(Required action): After locating the line with "('a \<Rightarrow> 'b::real_normed_vector)" in the data that follows, return it and every later line exactly, up to and including the line with "(\<chi> j. frechet_derivative".

*** Block opens ***

(* Let $n\ge3$, $x=(x',x_n)$, $\xi=(\xi',\xi_n)$, let $f\in C^\infty_0(\mathbb{R}^{n-1})$ and $K:=\nabla f$. Let $0<c<c'<1$ with $\frac{|K(x')|^2}{1+|K(x')|^2}<c$ for all $x'$, and let $\tilde\rho(\xi')$ be smooth with $\tilde\rho=1$ on $\{|\xi'|^2\le c'\}$ and support compactly contained in the open unit ball of $\mathbb{R}^{n-1}$. Let $p(x',\xi):=(1+|K|^2)\xi_n^2-2\xi_n(i-\xi'\cdot K)-(1-|\xi'|^2)$, $P_s:=\mathrm{Op}_h(\tilde\rho/p)$ and $R_s:=h^{-1}\big(\mathrm{Op}_h(p)P_s-\tilde\rho(hD')\big)$. Suppose $v\in L^r(\mathbb{R}^n)$, $1<r<\infty$, with $\mathrm{supp}\,v\subset\overline{\mathbb{R}^n_+}=\{x_n\ge0\}$. Then $\mathrm{supp}(P_sv)$ and $\mathrm{supp}(R_sv)$ are contained in $\overline{\mathbb{R}^n_+}$. In particular $P_sv|_{x_n=0}=0$.
   Context: $\mathrm{Op}_h(a)u(x)=(2\pi h)^{-n}\iint e^{i(x-y)\cdot\xi/h}a(x,\xi)u(y)\,dy\,d\xi$; $\tilde\rho(hD')$ is the Fourier multiplier with symbol $\tilde\rho(\xi')$. (For $h$ small, $P_s$ maps $L^r$ boundedly into the semiclassical Sobolev space $W^{2,r}$, so the trace on $\{x_n=0\}$ is defined.) *)

theory Defs
  imports "HOL-Analysis.Analysis"
begin

definition tsupp :: "('a::topological_space \<Rightarrow> 'b::zero) \<Rightarrow> 'a set" where
  "tsupp g = closure {x. g x \<noteq> 0}"

definition pdiff :: "'a::real_normed_vector \<Rightarrow> ('a \<Rightarrow> 'b::real_normed_vector) \<Rightarrow> 'a \<Rightarrow> 'b" where
  "pdiff e g = (\<lambda>x. frechet_derivative g (at x) e)"

definition smooth :: "('a::euclidean_space \<Rightarrow> 'b::real_normed_vector) \<Rightarrow> bool" where
  "smooth g \<longleftrightarrow> (\<forall>ds. set ds \<subseteq> Basis \<longrightarrow> (\<forall>x. foldr pdiff ds g differentiable (at x)))"

definition test_fun :: "('a::euclidean_space \<Rightarrow> complex) \<Rightarrow> bool" where
  "test_fun g \<longleftrightarrow> smooth g \<and> compact (tsupp g)"

definition grad :: "(real^'m \<Rightarrow> real) \<Rightarrow> real^'m \<Rightarrow> real^'m" where
  "grad f x' = (\<chi> j. frechet_derivative f (at x') (axis j 1))"

text \<open>Points of R^n are written x = (x', x_n) \<in> R^(n-1) \<times> R.\<close>

definition psym :: "(real^'m \<Rightarrow> real) \<Rightarrow> real^'m \<Rightarrow> (real^'m) \<times> real \<Rightarrow> complex" where
  "psym f x' \<xi> = (let K = grad f x'; \<xi>' = fst \<xi>; \<xi>n = snd \<xi> in
     complex_of_real ((1 + (norm K)\<^sup>2) * \<xi>n\<^sup>2)
     - 2 * complex_of_real \<xi>n * (\<i> - complex_of_real (\<xi>' \<bullet> K))
     - complex_of_real (1 - (norm \<xi>')\<^sup>2))"

text \<open>Semiclassical quantization Op_h(a)u(x) = (2 pi h)^(-n) \<integral>\<integral> e^(i(x-y).xi/h) a(x,xi) u(y) dy dxi,
  with the xi-integral (absolutely convergent for the symbols used here) taken first.\<close>
definition Op_h :: "real \<Rightarrow> ('a::euclidean_space \<Rightarrow> 'a \<Rightarrow> complex) \<Rightarrow> ('a \<Rightarrow> complex) \<Rightarrow> 'a \<Rightarrow> complex" where
  "Op_h h a u x = complex_of_real ((2 * pi * h) powr (- real DIM('a))) *
     (LINT y|lborel. (LINT \<xi>|lborel. cis ((x - y) \<bullet> \<xi> / h) * a x \<xi>) * u y)"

*** Block closes ***

(Output for this task):
definition pdiff :: "'a::real_normed_vector \<Rightarrow> ('a \<Rightarrow> 'b::real_normed_vector) \<Rightarrow> 'a \<Rightarrow> 'b" where
  "pdiff e g = (\<lambda>x. frechet_derivative g (at x) e)"

definition smooth :: "('a::euclidean_space \<Rightarrow> 'b::real_normed_vector) \<Rightarrow> bool" where
  "smooth g \<longleftrightarrow> (\<forall>ds. set ds \<subseteq> Basis \<longrightarrow> (\<forall>x. foldr pdiff ds g differentiable (at x)))"

definition test_fun :: "('a::euclidean_space \<Rightarrow> complex) \<Rightarrow> bool" where
  "test_fun g \<longleftrightarrow> smooth g \<and> compact (tsupp g)"

definition grad :: "(real^'m \<Rightarrow> real) \<Rightarrow> real^'m \<Rightarrow> real^'m" where
  "grad f x' = (\<chi> j. frechet_derivative f (at x') (axis j 1))"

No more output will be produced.